Start of Block

(* Let $n\ge 2$ be even. Then each of the $n$ cusps of $F_n$ lying above $\infty$ (the points $(X:Y:0)$ of $F_n$) is ramified in the cover $C_n\to F_n$ with ramification index exactly $2$. Equivalently, every point of $C_n$ above $\infty$ has ramification index $2n$ in the cover $C_n\to C_n/H_n\cong\mathbb{P}^1$.
   Context: $\Delta=\langle a,b\rangle\subset\mathrm{SL}(2,\mathbb{Z})$ with $a=\begin{pmatrix}1&2\\0&1\end{pmatrix}$, $b=\begin{pmatrix}1&0\\2&1\end{pmatrix}$; $H_n$ is the Heisenberg group of upper unitriangular $3\times3$ matrices over $\mathbb{Z}/n\mathbb{Z}$ generated by $a_H=I+E_{12}$, $b_H=I+E_{23}$, with center $Z_n$. $\phi:\Delta\to H_n$, $a\mapsto a_H$, $b\mapsto b_H$; $\psi:\Delta\to(\mathbb{Z}/n\mathbb{Z})^2$, $a\mapsto(1,0)$, $b\mapsto(0,1)$. $C_n$ (Heisenberg curve) and $F_n$ (Fermat curve) are the compactifications by cusps of $\ker\phi\backslash\mathbb{H}$ and $\ker\psi\backslash\mathbb{H}$; $C_n\to F_n$ is Galois with group $Z_n$ and $C_n\to\mathbb{P}^1=\Delta\backslash\mathbb{H}\cup\{\text{cusps}\}$ is Galois with group $H_n$. $F_n$ is identified with the projective curve $X^n+Y^n=Z^n$, the map $F_n\to\mathbb{P}^1$ being $(X:Y:Z)\mapsto(X/Z)^n$. *)

theory Defs
  imports "HOL-Analysis.Analysis"
begin

text \<open>Letters of words in the generators a, b of Delta and their inverses.\<close>
datatype letter = LA | LAinv | LB | LBinv

type_synonym mat2 = "int^2^2"

definition matA :: mat2 where "matA = vector [vector [1, 2], vector [0, 1]]"
definition matAinv :: mat2 where "matAinv = vector [vector [1, -2], vector [0, 1]]"
definition matB :: mat2 where "matB = vector [vector [1, 0], vector [2, 1]]"
definition matBinv :: mat2 where "matBinv = vector [vector [1, 0], vector [-2, 1]]"

fun sl_of :: "letter \<Rightarrow> mat2" where
  "sl_of LA = matA" | "sl_of LAinv = matAinv" | "sl_of LB = matB" | "sl_of LBinv = matBinv"

definition eval_SL :: "letter list \<Rightarrow> mat2" where
  "eval_SL w = foldr (\<lambda>l M. sl_of l ** M) w (mat 1)"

End of Block

■ Problem to solve
Note each line of the entries that has "matBinv" in it, and copy those lines.

■ Task answer
definition matBinv :: mat2 where "matBinv = vector [vector [1, 0], vector [-2, 1]]"
  "sl_of LA = matA" | "sl_of LAinv = matAinv" | "sl_of LB = matB" | "sl_of LBinv = matBinv"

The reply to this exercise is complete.